(What is being asked):
Search the data below for the word "noteq" and copy each line that holds it.

(Recorded information):
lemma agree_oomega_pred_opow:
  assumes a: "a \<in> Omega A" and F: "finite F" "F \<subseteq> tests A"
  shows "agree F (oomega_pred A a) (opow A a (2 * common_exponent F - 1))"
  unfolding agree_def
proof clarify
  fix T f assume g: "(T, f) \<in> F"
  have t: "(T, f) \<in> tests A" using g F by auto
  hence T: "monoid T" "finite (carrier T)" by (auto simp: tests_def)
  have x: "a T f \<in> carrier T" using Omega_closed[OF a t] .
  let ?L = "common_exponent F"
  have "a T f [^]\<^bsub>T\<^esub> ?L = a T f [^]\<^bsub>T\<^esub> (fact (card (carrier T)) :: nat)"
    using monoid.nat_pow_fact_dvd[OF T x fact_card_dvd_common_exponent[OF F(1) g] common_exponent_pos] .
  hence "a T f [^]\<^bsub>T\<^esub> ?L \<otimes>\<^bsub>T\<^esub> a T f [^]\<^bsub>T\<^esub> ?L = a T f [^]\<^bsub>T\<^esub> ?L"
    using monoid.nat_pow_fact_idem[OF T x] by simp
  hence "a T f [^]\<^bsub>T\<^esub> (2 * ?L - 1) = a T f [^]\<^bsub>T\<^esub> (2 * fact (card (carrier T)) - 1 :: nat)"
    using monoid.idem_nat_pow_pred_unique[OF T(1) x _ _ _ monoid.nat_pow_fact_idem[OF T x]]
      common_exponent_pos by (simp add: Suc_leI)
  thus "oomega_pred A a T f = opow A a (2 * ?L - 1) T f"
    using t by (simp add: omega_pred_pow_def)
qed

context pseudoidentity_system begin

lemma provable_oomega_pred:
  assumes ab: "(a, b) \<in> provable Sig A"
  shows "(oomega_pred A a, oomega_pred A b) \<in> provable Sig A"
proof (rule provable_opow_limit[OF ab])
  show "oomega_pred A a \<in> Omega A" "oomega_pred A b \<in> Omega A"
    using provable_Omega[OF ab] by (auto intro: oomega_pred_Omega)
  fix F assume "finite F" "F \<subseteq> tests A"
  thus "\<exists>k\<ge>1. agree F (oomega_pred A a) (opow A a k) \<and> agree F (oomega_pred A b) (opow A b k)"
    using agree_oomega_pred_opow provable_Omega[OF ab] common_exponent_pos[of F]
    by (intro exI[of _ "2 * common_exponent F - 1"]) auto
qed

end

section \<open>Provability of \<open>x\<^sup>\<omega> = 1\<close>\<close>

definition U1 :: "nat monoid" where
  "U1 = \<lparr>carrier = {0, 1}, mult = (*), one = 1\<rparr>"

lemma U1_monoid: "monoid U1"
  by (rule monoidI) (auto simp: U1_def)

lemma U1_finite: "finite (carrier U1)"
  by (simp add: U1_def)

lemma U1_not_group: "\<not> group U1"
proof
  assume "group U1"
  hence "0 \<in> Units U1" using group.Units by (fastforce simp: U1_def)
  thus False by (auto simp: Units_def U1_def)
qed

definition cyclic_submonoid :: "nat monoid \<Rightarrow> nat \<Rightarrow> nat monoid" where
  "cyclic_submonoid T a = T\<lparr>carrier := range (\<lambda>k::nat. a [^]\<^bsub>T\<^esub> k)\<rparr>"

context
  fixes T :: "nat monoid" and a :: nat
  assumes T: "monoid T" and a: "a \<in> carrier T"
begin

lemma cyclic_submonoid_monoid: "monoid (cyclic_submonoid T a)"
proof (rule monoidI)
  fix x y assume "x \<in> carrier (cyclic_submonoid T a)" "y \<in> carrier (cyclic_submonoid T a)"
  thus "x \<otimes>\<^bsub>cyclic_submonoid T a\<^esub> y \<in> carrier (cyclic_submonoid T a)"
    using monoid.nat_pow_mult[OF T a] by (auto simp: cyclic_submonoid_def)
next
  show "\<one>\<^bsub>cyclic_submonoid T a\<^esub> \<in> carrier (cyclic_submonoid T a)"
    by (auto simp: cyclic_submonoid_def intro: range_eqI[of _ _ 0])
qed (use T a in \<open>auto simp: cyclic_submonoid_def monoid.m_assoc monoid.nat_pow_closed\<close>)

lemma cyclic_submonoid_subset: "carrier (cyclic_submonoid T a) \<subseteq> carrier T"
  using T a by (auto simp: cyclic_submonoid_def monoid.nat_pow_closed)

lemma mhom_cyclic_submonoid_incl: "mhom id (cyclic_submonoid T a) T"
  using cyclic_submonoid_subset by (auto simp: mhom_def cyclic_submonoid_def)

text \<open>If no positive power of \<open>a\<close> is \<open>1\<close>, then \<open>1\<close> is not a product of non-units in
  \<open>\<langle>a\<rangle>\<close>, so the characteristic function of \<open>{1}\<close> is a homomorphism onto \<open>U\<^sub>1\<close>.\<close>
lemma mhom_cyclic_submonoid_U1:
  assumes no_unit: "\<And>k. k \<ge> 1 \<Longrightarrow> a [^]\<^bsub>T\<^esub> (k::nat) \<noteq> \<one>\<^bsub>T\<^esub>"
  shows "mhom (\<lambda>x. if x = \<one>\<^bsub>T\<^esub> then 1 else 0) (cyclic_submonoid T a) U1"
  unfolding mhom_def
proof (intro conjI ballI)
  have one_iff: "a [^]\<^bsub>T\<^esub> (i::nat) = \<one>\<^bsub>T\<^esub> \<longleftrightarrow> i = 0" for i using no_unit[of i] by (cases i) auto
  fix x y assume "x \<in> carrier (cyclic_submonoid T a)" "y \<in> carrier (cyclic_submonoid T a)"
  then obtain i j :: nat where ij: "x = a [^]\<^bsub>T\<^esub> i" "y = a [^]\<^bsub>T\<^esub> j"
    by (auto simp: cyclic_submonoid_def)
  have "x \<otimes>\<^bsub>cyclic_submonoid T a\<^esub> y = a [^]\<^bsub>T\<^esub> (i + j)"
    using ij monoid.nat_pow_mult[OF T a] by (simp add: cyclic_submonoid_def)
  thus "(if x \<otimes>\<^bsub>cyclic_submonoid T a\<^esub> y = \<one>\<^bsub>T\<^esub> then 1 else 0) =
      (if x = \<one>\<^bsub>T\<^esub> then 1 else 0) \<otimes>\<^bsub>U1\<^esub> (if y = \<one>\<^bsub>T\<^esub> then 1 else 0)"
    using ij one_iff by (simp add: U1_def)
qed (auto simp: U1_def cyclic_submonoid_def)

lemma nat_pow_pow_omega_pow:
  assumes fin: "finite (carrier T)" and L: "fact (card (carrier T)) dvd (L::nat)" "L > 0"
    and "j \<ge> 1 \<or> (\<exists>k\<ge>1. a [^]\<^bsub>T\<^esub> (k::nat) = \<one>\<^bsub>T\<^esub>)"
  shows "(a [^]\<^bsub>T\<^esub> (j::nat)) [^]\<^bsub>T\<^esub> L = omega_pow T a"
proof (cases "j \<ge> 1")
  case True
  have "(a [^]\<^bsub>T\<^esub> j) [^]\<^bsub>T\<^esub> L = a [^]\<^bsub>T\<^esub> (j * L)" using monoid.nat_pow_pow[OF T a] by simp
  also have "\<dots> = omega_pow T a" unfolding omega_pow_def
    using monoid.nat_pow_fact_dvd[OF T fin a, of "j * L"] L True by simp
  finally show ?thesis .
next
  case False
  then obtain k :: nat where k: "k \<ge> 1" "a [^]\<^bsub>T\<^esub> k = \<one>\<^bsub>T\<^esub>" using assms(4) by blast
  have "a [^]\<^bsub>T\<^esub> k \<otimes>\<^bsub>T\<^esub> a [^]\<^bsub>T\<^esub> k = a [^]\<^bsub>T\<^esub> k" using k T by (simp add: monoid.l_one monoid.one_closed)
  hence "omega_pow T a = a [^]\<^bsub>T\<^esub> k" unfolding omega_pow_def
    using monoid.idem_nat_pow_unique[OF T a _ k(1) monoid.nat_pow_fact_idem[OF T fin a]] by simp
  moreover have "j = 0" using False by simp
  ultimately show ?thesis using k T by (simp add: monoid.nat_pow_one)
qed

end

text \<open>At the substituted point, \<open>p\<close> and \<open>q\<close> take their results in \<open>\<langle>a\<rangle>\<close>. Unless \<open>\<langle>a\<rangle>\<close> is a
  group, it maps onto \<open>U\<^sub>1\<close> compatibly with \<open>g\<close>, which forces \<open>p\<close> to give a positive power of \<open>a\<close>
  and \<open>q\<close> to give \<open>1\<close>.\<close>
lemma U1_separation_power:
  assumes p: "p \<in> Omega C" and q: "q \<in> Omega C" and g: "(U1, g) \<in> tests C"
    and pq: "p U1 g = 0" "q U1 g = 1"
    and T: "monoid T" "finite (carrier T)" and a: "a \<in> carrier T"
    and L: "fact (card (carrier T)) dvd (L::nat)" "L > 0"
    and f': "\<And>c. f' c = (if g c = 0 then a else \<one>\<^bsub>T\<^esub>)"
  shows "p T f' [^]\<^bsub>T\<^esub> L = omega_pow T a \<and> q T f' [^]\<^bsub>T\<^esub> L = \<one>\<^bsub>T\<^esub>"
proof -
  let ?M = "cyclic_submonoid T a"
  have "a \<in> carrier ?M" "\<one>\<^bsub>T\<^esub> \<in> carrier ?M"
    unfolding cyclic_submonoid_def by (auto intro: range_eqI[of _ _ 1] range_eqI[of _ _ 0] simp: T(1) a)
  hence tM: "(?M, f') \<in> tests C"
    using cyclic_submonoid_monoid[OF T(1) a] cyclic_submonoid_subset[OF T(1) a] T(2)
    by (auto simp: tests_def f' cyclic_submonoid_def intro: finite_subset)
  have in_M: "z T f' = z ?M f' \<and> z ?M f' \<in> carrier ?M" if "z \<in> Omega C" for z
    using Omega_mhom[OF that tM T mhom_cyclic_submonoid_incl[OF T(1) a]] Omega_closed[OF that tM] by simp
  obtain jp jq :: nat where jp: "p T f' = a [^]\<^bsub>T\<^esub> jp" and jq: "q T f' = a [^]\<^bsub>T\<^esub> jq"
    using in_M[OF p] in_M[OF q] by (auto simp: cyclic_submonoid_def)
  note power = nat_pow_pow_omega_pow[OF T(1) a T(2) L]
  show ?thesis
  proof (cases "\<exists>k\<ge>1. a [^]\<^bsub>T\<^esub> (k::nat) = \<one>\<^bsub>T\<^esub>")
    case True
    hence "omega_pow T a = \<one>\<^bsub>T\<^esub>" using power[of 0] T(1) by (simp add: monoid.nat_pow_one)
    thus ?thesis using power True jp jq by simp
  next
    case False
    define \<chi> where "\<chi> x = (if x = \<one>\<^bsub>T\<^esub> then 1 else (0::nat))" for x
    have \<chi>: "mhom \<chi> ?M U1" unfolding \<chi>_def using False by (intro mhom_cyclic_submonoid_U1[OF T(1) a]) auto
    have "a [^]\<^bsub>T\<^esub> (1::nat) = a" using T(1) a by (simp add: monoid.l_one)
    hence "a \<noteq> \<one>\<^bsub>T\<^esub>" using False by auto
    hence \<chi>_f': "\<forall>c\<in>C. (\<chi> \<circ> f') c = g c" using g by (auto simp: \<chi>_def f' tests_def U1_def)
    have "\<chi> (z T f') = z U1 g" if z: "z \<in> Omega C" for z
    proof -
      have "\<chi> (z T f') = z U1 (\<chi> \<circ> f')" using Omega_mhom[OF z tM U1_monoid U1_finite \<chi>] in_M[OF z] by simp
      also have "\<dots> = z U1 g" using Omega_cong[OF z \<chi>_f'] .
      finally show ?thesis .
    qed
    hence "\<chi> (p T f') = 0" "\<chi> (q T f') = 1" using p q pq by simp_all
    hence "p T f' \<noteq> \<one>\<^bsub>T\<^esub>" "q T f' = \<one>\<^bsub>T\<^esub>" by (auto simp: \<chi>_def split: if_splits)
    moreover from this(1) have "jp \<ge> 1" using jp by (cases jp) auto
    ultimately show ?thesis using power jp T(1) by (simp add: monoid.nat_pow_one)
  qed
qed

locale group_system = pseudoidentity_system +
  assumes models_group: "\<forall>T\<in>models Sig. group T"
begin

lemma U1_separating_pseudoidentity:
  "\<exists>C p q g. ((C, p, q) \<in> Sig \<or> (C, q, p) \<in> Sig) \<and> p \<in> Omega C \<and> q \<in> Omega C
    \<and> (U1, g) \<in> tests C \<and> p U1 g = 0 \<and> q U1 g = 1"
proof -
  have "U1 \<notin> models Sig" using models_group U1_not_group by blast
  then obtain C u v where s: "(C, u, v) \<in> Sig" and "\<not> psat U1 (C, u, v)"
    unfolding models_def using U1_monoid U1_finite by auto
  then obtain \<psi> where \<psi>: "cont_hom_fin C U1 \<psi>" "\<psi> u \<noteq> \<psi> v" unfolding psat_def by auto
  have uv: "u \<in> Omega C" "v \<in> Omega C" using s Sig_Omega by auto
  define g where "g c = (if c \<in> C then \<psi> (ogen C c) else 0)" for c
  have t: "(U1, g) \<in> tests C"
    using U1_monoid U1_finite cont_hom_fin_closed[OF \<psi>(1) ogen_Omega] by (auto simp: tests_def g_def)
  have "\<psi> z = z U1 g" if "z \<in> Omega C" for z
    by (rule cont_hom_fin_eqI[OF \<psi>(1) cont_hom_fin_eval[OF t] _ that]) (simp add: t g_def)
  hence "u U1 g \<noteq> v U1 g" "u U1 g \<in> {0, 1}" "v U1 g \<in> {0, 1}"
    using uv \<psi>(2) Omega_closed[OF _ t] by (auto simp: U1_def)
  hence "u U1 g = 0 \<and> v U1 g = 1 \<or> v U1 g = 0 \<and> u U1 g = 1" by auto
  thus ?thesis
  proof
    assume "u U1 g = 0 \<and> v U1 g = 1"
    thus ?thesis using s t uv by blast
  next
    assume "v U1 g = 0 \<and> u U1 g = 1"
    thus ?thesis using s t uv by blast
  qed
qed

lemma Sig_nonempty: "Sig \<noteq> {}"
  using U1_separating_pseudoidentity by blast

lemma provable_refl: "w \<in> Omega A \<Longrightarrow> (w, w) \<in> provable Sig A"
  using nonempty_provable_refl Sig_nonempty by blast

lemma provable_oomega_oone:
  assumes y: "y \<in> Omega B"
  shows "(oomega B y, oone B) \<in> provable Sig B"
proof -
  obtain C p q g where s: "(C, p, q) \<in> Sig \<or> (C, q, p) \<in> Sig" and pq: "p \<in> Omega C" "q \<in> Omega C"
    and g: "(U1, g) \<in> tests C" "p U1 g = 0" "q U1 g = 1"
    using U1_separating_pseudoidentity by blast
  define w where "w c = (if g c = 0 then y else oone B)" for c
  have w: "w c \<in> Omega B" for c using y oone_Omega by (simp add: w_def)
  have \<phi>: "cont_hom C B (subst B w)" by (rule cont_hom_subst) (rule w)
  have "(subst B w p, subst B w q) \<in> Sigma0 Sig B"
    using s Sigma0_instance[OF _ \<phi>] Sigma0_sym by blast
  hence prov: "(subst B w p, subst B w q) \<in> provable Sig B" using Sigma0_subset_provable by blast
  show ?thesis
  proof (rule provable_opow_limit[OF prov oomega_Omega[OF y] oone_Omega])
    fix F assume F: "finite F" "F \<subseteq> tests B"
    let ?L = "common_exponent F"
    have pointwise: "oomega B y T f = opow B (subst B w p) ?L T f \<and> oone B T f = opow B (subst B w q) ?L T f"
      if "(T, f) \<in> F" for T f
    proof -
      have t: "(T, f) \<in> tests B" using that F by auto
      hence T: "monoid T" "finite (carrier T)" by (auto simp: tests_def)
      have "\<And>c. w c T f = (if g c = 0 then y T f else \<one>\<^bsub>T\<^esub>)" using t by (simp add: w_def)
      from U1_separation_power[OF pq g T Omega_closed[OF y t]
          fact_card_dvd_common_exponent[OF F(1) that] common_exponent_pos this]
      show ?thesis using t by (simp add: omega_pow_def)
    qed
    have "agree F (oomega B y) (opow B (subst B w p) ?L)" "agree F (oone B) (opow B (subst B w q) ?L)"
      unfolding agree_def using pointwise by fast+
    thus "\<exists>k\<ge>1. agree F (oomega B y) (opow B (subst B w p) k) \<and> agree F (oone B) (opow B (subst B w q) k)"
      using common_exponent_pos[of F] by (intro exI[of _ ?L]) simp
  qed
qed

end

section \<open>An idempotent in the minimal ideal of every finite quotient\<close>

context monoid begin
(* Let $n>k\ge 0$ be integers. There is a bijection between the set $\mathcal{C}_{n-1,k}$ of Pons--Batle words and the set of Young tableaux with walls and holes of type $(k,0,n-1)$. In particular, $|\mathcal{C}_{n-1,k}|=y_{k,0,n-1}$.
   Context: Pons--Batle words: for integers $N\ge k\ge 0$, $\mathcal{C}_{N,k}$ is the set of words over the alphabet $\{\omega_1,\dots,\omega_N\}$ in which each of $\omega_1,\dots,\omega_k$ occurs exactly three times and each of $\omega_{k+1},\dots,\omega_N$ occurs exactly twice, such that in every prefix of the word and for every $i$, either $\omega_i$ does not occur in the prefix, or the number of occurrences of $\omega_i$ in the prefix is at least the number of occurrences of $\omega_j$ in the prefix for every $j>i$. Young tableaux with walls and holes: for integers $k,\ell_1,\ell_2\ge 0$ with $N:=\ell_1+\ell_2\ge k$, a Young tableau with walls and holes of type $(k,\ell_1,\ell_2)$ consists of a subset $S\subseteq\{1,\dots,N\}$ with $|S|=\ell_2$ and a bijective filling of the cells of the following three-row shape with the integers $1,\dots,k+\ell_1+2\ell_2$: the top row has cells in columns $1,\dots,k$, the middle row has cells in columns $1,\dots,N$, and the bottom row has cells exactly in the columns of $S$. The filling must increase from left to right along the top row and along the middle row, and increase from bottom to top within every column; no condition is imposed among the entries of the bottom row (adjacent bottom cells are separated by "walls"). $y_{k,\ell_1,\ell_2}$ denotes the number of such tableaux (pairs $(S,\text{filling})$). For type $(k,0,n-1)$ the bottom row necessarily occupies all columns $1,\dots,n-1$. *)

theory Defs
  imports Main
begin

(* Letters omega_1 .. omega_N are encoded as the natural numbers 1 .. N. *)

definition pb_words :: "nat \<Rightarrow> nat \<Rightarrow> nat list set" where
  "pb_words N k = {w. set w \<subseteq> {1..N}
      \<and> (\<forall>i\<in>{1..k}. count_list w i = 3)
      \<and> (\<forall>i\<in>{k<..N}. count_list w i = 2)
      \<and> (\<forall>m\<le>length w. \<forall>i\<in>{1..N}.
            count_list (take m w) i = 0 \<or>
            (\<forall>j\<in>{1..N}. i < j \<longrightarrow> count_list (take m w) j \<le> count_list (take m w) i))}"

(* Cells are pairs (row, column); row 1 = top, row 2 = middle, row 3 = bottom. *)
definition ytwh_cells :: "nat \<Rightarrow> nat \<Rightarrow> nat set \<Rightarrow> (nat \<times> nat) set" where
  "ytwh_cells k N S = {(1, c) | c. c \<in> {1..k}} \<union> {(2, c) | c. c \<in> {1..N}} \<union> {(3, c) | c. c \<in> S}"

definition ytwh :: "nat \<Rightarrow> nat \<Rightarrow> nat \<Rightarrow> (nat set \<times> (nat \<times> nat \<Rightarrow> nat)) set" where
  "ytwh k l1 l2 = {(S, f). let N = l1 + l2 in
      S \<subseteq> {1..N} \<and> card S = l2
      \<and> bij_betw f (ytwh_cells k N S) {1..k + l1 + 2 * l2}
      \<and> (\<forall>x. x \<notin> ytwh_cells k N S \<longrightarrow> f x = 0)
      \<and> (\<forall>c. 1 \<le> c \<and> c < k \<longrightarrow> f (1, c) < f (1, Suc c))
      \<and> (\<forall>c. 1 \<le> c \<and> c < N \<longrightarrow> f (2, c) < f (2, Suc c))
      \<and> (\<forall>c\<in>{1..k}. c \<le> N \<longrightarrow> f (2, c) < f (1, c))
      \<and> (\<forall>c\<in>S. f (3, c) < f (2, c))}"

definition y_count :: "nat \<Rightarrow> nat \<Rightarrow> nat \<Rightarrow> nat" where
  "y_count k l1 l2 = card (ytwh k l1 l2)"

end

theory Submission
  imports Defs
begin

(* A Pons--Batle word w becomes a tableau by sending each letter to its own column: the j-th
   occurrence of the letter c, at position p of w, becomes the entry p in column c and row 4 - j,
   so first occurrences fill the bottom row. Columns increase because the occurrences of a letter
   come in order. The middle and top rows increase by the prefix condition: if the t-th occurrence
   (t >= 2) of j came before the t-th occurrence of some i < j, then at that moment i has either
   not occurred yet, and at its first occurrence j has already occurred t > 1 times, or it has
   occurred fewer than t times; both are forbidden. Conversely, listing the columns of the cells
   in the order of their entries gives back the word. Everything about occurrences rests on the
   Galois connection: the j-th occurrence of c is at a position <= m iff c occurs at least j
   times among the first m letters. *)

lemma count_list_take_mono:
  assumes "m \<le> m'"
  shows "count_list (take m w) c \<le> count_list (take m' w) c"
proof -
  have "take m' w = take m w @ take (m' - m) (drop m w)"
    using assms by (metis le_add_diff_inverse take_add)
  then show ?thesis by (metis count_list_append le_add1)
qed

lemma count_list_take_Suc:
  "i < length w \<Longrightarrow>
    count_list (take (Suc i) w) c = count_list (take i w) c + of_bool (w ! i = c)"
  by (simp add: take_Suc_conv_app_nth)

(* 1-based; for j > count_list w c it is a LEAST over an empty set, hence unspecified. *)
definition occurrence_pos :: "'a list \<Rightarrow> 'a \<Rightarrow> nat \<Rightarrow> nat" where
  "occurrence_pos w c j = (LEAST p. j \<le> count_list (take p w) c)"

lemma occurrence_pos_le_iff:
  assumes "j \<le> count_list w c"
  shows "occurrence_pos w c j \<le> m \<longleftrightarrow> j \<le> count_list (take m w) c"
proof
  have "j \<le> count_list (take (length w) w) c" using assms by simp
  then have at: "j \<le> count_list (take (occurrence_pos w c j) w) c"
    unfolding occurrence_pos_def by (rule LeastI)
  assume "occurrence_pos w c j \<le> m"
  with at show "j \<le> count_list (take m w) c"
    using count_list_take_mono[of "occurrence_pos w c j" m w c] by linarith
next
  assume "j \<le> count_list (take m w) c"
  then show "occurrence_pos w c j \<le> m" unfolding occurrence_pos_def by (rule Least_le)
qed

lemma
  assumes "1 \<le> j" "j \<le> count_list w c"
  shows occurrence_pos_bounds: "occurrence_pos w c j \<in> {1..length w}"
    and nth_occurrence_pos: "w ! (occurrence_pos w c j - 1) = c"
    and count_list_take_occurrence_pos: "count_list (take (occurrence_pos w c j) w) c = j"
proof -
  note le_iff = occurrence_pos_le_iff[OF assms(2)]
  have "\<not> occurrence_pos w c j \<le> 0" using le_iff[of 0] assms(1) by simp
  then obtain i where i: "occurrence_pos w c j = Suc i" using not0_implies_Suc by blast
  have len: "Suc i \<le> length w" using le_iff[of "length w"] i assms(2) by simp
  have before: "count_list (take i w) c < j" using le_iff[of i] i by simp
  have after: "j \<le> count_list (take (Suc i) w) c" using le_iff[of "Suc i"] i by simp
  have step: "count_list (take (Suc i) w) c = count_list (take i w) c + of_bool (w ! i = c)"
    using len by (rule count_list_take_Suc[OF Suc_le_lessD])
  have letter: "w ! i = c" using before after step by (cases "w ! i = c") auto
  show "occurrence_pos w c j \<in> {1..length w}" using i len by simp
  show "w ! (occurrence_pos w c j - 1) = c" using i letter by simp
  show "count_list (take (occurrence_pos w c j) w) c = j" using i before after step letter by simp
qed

(Answer for the task):
  assumes no_unit: "\<And>k. k \<ge> 1 \<Longrightarrow> a [^]\<^bsub>T\<^esub> (k::nat) \<noteq> \<one>\<^bsub>T\<^esub>"
    hence "a \<noteq> \<one>\<^bsub>T\<^esub>" using False by auto
    hence "p T f' \<noteq> \<one>\<^bsub>T\<^esub>" "q T f' = \<one>\<^bsub>T\<^esub>" by (auto simp: \<chi>_def split: if_splits)
  then obtain \<psi> where \<psi>: "cont_hom_fin C U1 \<psi>" "\<psi> u \<noteq> \<psi> v" unfolding psat_def by auto
  hence "u U1 g \<noteq> v U1 g" "u U1 g \<in> {0, 1}" "v U1 g \<in> {0, 1}"
lemma Sig_nonempty: "Sig \<noteq> {}"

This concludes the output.